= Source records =
lemma sect_eq_stage_section: "x \<in> stage k \<Longrightarrow> sect x = stage_section k x"
  unfolding sect_def level_def
  using stage_section_stable[OF LeastI[of "\<lambda>k. x \<in> stage k"] Least_le[of "\<lambda>k. x \<in> stage k"]]
  by simp

lemma sect: "x \<in> carrier Q \<Longrightarrow> sect x \<in> carrier G \<and> pj (sect x) = x"
  unfolding sect_def using stage_section stage_level by blast

lemma sect_one: "sect \<one> = \<one>\<^bsub>G\<^esub>"
  using sect_eq_stage_section[of \<one> 0] by simp

lemma finite_section_increments:
  assumes p: "p \<in> carrier Q"
  shows "finite (section_increments G Q sect p)"
proof -
  let ?j = "level p"
  have "section_increments G Q sect p
    \<subseteq> section_increments G (Q\<lparr>carrier := stage ?j\<rparr>) (stage_section ?j) p"
  proof (clarsimp simp: section_increments_def[of G Q])
    fix q assume q: "q \<in> carrier Q"
    define k where "k = max (level q) ?j"
    have qk: "q \<in> stage k" and pk: "p \<in> stage k"
      using stage_level[OF q] stage_level[OF p] stage_mono[of "level q" k] stage_mono[of ?j k]
      unfolding k_def by auto
    then have "sect (q \<otimes> p) = stage_section k (q \<otimes> p)" and "sect q = stage_section k q"
      using sect_eq_stage_section subgroup.m_closed[OF subgroup_stage] by blast+
    then show "sect (q \<otimes> p) \<otimes>\<^bsub>G\<^esub> inv\<^bsub>G\<^esub> sect q
      \<in> section_increments G (Q\<lparr>carrier := stage ?j\<rparr>) (stage_section ?j) p"
      using stage_section_increment[OF stage_level[OF p] _ qk] k_def by simp
  qed
  moreover have "finite (section_increments G (Q\<lparr>carrier := stage ?j\<rparr>) (stage_section ?j) p)"
    unfolding section_increments_def using finite_stage by simp
  ultimately show ?thesis using finite_subset by blast
qed

end

lemma torsion_quotient_section:
  assumes "comm_group Q" and "group G" and "pj \<in> hom G Q" and "pj ` carrier G = carrier Q"
    and "countable (carrier Q)" and "\<And>x. x \<in> carrier Q \<Longrightarrow> 0 < group.ord Q x"
  obtains s where "\<And>q. q \<in> carrier Q \<Longrightarrow> s q \<in> carrier G" "\<And>q. q \<in> carrier Q \<Longrightarrow> pj (s q) = q"
    and "s \<one>\<^bsub>Q\<^esub> = \<one>\<^bsub>G\<^esub>" and "\<And>p. p \<in> carrier Q \<Longrightarrow> finite (section_increments G Q s p)"
proof -
  interpret Q: comm_group Q by fact
  have "range (from_nat_into (carrier Q)) = carrier Q"
    using range_from_nat_into[OF _ assms(5)] by auto
  then interpret torsion_extension Q "from_nat_into (carrier Q)" G pj
    using assms by (intro torsion_extension.intro torsion_enumeration.intro
        torsion_extension_axioms.intro torsion_enumeration_axioms.intro) auto
  show ?thesis using that sect sect_one finite_section_increments by blast
qed

section \<open>Coarse splitting along such a section\<close>

lemma coarse_mapI_finite_values:
  assumes "u ` A \<subseteq> B"
    and "\<And>dlt. \<exists>V. finite V \<and> (\<forall>x\<in>A. \<forall>y\<in>A. dA x y \<le> dlt \<longrightarrow> dB (u x) (u y) \<in> V)"
  shows "coarse_map A dA B dB u"
  unfolding coarse_map_def
proof (intro conjI allI impI assms(1))
  fix dlt :: real
  obtain V where V: "finite V" "\<forall>x\<in>A. \<forall>y\<in>A. dA x y \<le> dlt \<longrightarrow> dB (u x) (u y) \<in> V"
    using assms(2) by blast
  have "0 \<le> Max (insert 0 V)" and "\<forall>v\<in>V. v \<le> Max (insert 0 V)"
    using V(1) by simp_all
  then show "\<exists>eps>0. \<forall>x\<in>A. \<forall>y\<in>A. dA x y \<le> dlt \<longrightarrow> dB (u x) (u y) \<le> eps"
    using V(2) by (intro exI[of _ "Max (insert 0 V) + 1"]) force
qed

lemma bounded_distance_eqI:
  assumes "\<And>x. x \<in> A \<Longrightarrow> u x = v x" and "\<And>x. x \<in> A \<Longrightarrow> d (v x) (v x) = 0"
  shows "bounded_distance A d u v"
  unfolding bounded_distance_def using assms by (intro exI[of _ 0]) simp

locale coarse_splitting = comm_group G for G (structure) +
  fixes H :: "'a set" and s :: "'a set \<Rightarrow> 'a"
    and NK NG :: "'a \<Rightarrow> real" and NQ :: "'a set \<Rightarrow> real"
  assumes subgroup_H: "subgroup H G"
    and s_closed: "\<And>q. q \<in> carrier (G Mod H) \<Longrightarrow> s q \<in> carrier G"
    and s_section: "\<And>q. q \<in> carrier (G Mod H) \<Longrightarrow> H #> s q = q"
    and s_one: "s \<one>\<^bsub>G Mod H\<^esub> = \<one>"
    and finite_increments: "\<And>p. p \<in> carrier (G Mod H) \<Longrightarrow> finite (section_increments G (G Mod H) s p)"
    and norm_K: "proper_norm (G\<lparr>carrier := H\<rparr>) NK"
    and norm_G: "proper_norm G NG"
    and norm_Q: "proper_norm (G Mod H) NQ"
begin

abbreviation "K \<equiv> G\<lparr>carrier := H\<rparr>"
abbreviation "dK \<equiv> norm_metric K NK"
abbreviation "dG \<equiv> norm_metric G NG"
abbreviation "dQ \<equiv> norm_metric (G Mod H) NQ"
abbreviation "dKQ \<equiv> sum_metric dK dQ"

sublocale K: group K
  using subgroup_H by (rule subgroup.subgroup_is_group) (rule is_group)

= YOUR TASK =
Please go line by line through the records above, copying each one that holds the string "lemma".

= EXERCISE ANSWER =
lemma sect_eq_stage_section: "x \<in> stage k \<Longrightarrow> sect x = stage_section k x"
lemma sect: "x \<in> carrier Q \<Longrightarrow> sect x \<in> carrier G \<and> pj (sect x) = x"
lemma sect_one: "sect \<one> = \<one>\<^bsub>G\<^esub>"
lemma finite_section_increments:
lemma torsion_quotient_section:
lemma coarse_mapI_finite_values:
lemma bounded_distance_eqI:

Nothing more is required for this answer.